At PAW, when a dog is declared dead, his body is placed in an oil drum until the truck from the rendering plant comes to retrieve it. Sometimes the oil drums are left open and volunteers can see the dead animals for days.

In the US, until the end of the 1800s, close to 100 percent of animals picked up by animal control agencies were killed, often using brutal means, such as clubbing or mass drowning. In mid-19-century New York City, dogcatchers were paid by the dog and placed up to several hundred stray dogs each day in large cages to drown them in the East River. Animal control was about taking animal life. The fear of zoonotic contamination, especially of rabies, was a powerful motivator to capture and destroy unclaimed companion animals, writes Guenther.

Feeding strays. (Prashant Waydande / Hindustan Times)
Feeding strays. (Prashant Waydande / Hindustan Times)

Later, a combination of moral and religious arguments was used to promote kindness toward animals. Animal shelters began sterilising and vaccinating animals and around 2006 started implanting microchips, which can help reunite lost animals.

Zero Tolerance for Stray Dogs

In India, the idea of free-roaming animals is suddenly being seen as a mark of an uncivilised society, an indicator of economic underdevelopment and a threat to public safety.

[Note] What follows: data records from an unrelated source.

lemma norm_bilinear_increment_le:
  fixes bl :: "'a::real_normed_vector \<Rightarrow> 'b::real_normed_vector \<Rightarrow> 'c::banach"
  assumes bb: "bounded_bilinear bl" and B: "\<And>p q. norm (bl p q) \<le> B * norm p * norm q"
    and g: "(g has_integral G y - G x) {x..y}" and h: "(h has_integral H y - H x) {x..y}"
    and f: "(\<lambda>s. bl (g s) (H s) + bl (G s) (h s)) integrable_on {x..y}"
    and m: "(\<lambda>s. B * (norm (g s) + norm (h s))) integrable_on {x..y}"
    and osc: "\<And>s. s \<in> {x..y} \<Longrightarrow> norm (G x - G s) \<le> \<eta> \<and> norm (H y - H s) \<le> \<eta>"
    and "B \<ge> 0"
  shows "norm (bl (G y) (H y) - bl (G x) (H x) - integral {x..y} (\<lambda>s. bl (g s) (H s) + bl (G s) (h s)))
    \<le> \<eta> * integral {x..y} (\<lambda>s. B * (norm (g s) + norm (h s)))"
proof -
  let ?f = "\<lambda>s. bl (g s) (H s) + bl (G s) (h s)"
  let ?r = "\<lambda>s. bl (g s) (H y - H s) + bl (G x - G s) (h s)"
  have "((\<lambda>s. bl (g s) (H y)) has_integral bl (G y - G x) (H y)) {x..y}"
    using has_integral_linear[OF g bounded_bilinear.bounded_linear_left[OF bb]] by (simp add: o_def)
  moreover have "((\<lambda>s. bl (G x) (h s)) has_integral bl (G x) (H y - H x)) {x..y}"
    using has_integral_linear[OF h bounded_bilinear.bounded_linear_right[OF bb]] by (simp add: o_def)
  ultimately have "((\<lambda>s. bl (g s) (H y) + bl (G x) (h s) - ?f s) has_integral
      bl (G y - G x) (H y) + bl (G x) (H y - H x) - integral {x..y} ?f) {x..y}"
    using f by (intro has_integral_diff has_integral_add integrable_integral)
  moreover have "(\<lambda>s. bl (g s) (H y) + bl (G x) (h s) - ?f s) = ?r"
    and "bl (G y - G x) (H y) + bl (G x) (H y - H x) = bl (G y) (H y) - bl (G x) (H x)"
    by (simp_all add: fun_eq_iff bounded_bilinear.diff_left[OF bb]
        bounded_bilinear.diff_right[OF bb] algebra_simps)
  ultimately have r: "(?r has_integral bl (G y) (H y) - bl (G x) (H x) - integral {x..y} ?f) {x..y}"
    by simp
  have "norm (integral {x..y} ?r) \<le> integral {x..y} (\<lambda>s. \<eta> * (B * (norm (g s) + norm (h s))))"
  proof (rule integral_norm_bound_integral)
    show "?r integrable_on {x..y}" using r by blast
    show "(\<lambda>s. \<eta> * (B * (norm (g s) + norm (h s)))) integrable_on {x..y}"
      using m by (rule integrable_on_mult_right)
    fix s assume s: "s \<in> {x..y}"
    have "norm (?r s) \<le> B * norm (g s) * norm (H y - H s) + B * norm (G x - G s) * norm (h s)"
      by (rule norm_triangle_le[OF add_mono[OF B B]])
    also have "\<dots> \<le> B * norm (g s) * \<eta> + B * \<eta> * norm (h s)"
      using osc[OF s] \<open>B \<ge> 0\<close> by (intro add_mono mult_left_mono mult_right_mono) auto
    finally show "norm (?r s) \<le> \<eta> * (B * (norm (g s) + norm (h s)))"
      by (simp add: algebra_simps)
  qed
  then show ?thesis
    using r m by (simp add: integral_unique)
qed

lemma primitive_on_bilinear:
  fixes bl :: "'a::euclidean_space \<Rightarrow> 'b::euclidean_space \<Rightarrow> 'c::euclidean_space"
  assumes bl: "bilinear bl"
    and g: "g absolutely_integrable_on {a..b}" and h: "h absolutely_integrable_on {a..b}"
    and G: "primitive_on a b g G" and H: "primitive_on a b h H"
  shows "primitive_on a b (\<lambda>s. bl (g s) (H s) + bl (G s) (h s)) (\<lambda>s. bl (G s) (H s))"
proof -
  have bb: "bounded_bilinear bl" using bl by (simp add: bilinear_conv_bounded_bilinear)
  obtain B where "B > 0" and B: "\<And>p q. norm (bl p q) \<le> B * norm p * norm q"
    using bilinear_bounded_pos[OF bl] by blast
  have Gc: "continuous_on {a..b} G" using G by (rule primitive_on_continuous)
  have Hc: "continuous_on {a..b} H" using H by (rule primitive_on_continuous)
  have f: "(\<lambda>s. bl (g s) (H s) + bl (G s) (h s)) integrable_on {a..b}"
    using absolutely_integrable_bilinear_continuous_right[OF bl Hc g]
      absolutely_integrable_bilinear_continuous_left[OF bl Gc h]
    by (intro integrable_add) (simp_all add: absolutely_integrable_on_def)
  have m: "(\<lambda>s. B * (norm (g s) + norm (h s))) integrable_on {a..b}"
    using g h by (intro integrable_on_mult_right integrable_add) (simp_all add: absolutely_integrable_on_def)
  show ?thesis
  proof (rule primitive_on_of_oscillation_bound[OF f m continuous_on_Pair[OF Gc Hc]])
    fix x y \<eta> assume xy: "a \<le> x" "x \<le> y" "y \<le> b"
      and osc: "\<And>s. s \<in> {x..y} \<Longrightarrow> dist (G x, H x) (G s, H s) \<le> \<eta> \<and> dist (G y, H y) (G s, H s) \<le> \<eta>"
    show "norm (bl (G y) (H y) - bl (G x) (H x) - integral {x..y} (\<lambda>s. bl (g s) (H s) + bl (G s) (h s)))
        \<le> \<eta> * integral {x..y} (\<lambda>s. B * (norm (g s) + norm (h s)))"
    proof (rule norm_bilinear_increment_le[OF bb B])
      show "(g has_integral G y - G x) {x..y}" "(h has_integral H y - H x) {x..y}"
        using xy by (auto intro: primitive_onD[OF G] primitive_onD[OF H])
      show "norm (G x - G s) \<le> \<eta> \<and> norm (H y - H s) \<le> \<eta>" if "s \<in> {x..y}" for s
        using osc[OF that] dist_fst_le[of "(G x, H x)" "(G s, H s)"] dist_snd_le[of "(G y, H y)" "(G s, H s)"]
        by (auto simp: dist_norm)
    qed (use f m xy \<open>B > 0\<close> in \<open>auto intro: integrable_subinterval_real\<close>)
  qed
qed

lemma MVT2_unordered:
  fixes f :: "real \<Rightarrow> real"
  assumes "\<And>x. (f has_real_derivative f' x) (at x)"
  obtains \<xi> where "\<bar>\<xi> - a\<bar> \<le> \<bar>b - a\<bar>" "f b - f a = f' \<xi> * (b - a)"
proof (cases a b rule: linorder_cases)
  case less
  then obtain z where "a < z" "z < b" "f b - f a = (b - a) * f' z"
    using MVT2[OF less assms] by blast
  then show ?thesis by (intro that[of z]) auto
next
  case greater
  then obtain z where "b < z" "z < a" "f a - f b = (a - b) * f' z"
    using MVT2[OF greater assms] by blast
  then show ?thesis by (intro that[of z]) (auto simp: algebra_simps)
qed (use that in auto)

lemma lipschitz_on_sin: "1-lipschitz_on UNIV (sin :: real \<Rightarrow> real)"
proof -
  have "dist (sin x) (sin y) \<le> 1 * dist x y" for x y :: real
  proof -
    obtain z where "sin x - sin y = cos z * (x - y)" using MVT2_unordered[OF DERIV_sin] by metis
    then show ?thesis
      using abs_cos_le_one[of z] by (simp add: dist_real_def abs_mult mult_left_le_one_le)
  qed
  then show ?thesis by (intro lipschitz_onI) auto
qed

lemma lipschitz_on_cos: "1-lipschitz_on UNIV (cos :: real \<Rightarrow> real)"
proof -
  have "dist (cos x) (cos y) \<le> 1 * dist x y" for x y :: real
  proof -
    obtain z where "cos x - cos y = - sin z * (x - y)" using MVT2_unordered[OF DERIV_cos] by metis
    then show ?thesis
      using abs_sin_le_one[of z] by (simp add: dist_real_def abs_mult mult_left_le_one_le)
  qed
  then show ?thesis by (intro lipschitz_onI) auto
qed

lemma norm_compose_increment_le:
  fixes \<phi> \<phi>' \<theta> \<beta> :: "real \<Rightarrow> real"
  assumes der: "\<And>x. (\<phi> has_real_derivative \<phi>' x) (at x)" and lip: "L-lipschitz_on UNIV \<phi>'"
    and \<beta>: "(\<beta> has_integral \<theta> y - \<theta> x) {x..y}"
    and f: "(\<lambda>s. \<phi>' (\<theta> s) * \<beta> s) integrable_on {x..y}"
    and m: "(\<lambda>s. 2 * L * norm (\<beta> s)) integrable_on {x..y}"
    and osc: "\<And>s. s \<in> {x..y} \<Longrightarrow> \<bar>\<theta> x - \<theta> s\<bar> \<le> \<eta>" and "x \<le> y"
  shows "norm (\<phi> (\<theta> y) - \<phi> (\<theta> x) - integral {x..y} (\<lambda>s. \<phi>' (\<theta> s) * \<beta> s))
    \<le> \<eta> * integral {x..y} (\<lambda>s. 2 * L * norm (\<beta> s))"
proof -
  let ?f = "\<lambda>s. \<phi>' (\<theta> s) * \<beta> s"
  obtain \<xi> where \<xi>: "\<bar>\<xi> - \<theta> x\<bar> \<le> \<bar>\<theta> y - \<theta> x\<bar>" "\<phi> (\<theta> y) - \<phi> (\<theta> x) = \<phi>' \<xi> * (\<theta> y - \<theta> x)"
    using MVT2_unordered[OF der] by metis
  have "((\<lambda>s. \<phi>' \<xi> * \<beta> s - ?f s) has_integral \<phi> (\<theta> y) - \<phi> (\<theta> x) - integral {x..y} ?f) {x..y}"
    unfolding \<xi>(2) using f by (intro has_integral_diff has_integral_mult_right \<beta> integrable_integral)
  moreover have "norm (integral {x..y} (\<lambda>s. \<phi>' \<xi> * \<beta> s - ?f s))
      \<le> integral {x..y} (\<lambda>s. \<eta> * (2 * L * norm (\<beta> s)))"
  proof (rule integral_norm_bound_integral)
    show "(\<lambda>s. \<phi>' \<xi> * \<beta> s - ?f s) integrable_on {x..y}"
      using calculation by blast
    show "(\<lambda>s. \<eta> * (2 * L * norm (\<beta> s))) integrable_on {x..y}"
      using m by (rule integrable_on_mult_right)
    fix s assume s: "s \<in> {x..y}"
    have "\<bar>\<phi>' \<xi> - \<phi>' (\<theta> s)\<bar> \<le> L * \<bar>\<xi> - \<theta> s\<bar>"
      using lipschitz_onD[OF lip] by (simp add: dist_real_def)
    also have "\<dots> \<le> L * (2 * \<eta>)"
      using \<xi>(1) osc[OF s] osc[of y] \<open>x \<le> y\<close> lipschitz_on_nonneg[OF lip]
      by (intro mult_left_mono) auto
    finally have "\<bar>\<phi>' \<xi> - \<phi>' (\<theta> s)\<bar> * \<bar>\<beta> s\<bar> \<le> L * (2 * \<eta>) * \<bar>\<beta> s\<bar>"
      by (rule mult_right_mono) simp
    moreover have "norm (\<phi>' \<xi> * \<beta> s - ?f s) = \<bar>\<phi>' \<xi> - \<phi>' (\<theta> s)\<bar> * \<bar>\<beta> s\<bar>"
      by (simp add: abs_mult left_diff_distrib[symmetric])
    ultimately show "norm (\<phi>' \<xi> * \<beta> s - ?f s) \<le> \<eta> * (2 * L * norm (\<beta> s))"
      by (simp add: mult_ac)
  qed
  ultimately show ?thesis
    using m by (simp add: integral_unique)
qed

However, among these free-roaming animals only stray dogs are the soft targets. In the bustling Noida area where a child killed a pup, and where the call to kill dogs and dog-feeders was reiterated, Singh didn’t notice the famished donkeys and horses – their hind limbs tied together to prevent their escape – fending for themselves. There are also dozens of cows and buffaloes scavenging in garbage dumps. Isn’t this an indicator of economic underdevelopment too?

As Guenther points out this is a classic case of “anthroparchal logic” – asserting human dominance over animals. While in the shelter where the author volunteered, unweaned puppies and kittens were euthanised within hours of their arrival, in India, animal-haters go a step further: mutilate puppies, throw acid on cats, tie crackers on dogs or just run them over for fun.

While it is easy for animal-haters to wish the dogs out of sight, Guenther envisions a world where shelters are unnecessary. This requires a change of hearts and minds, and a world which is a secure place not just for dogs, but for humans too. And, this would be the real indicator of an economically developed and civilised country – not one that kills its community dogs and the kind people who care for them.

Lamat R Hasan is an independent journalist. She lives in New Delhi.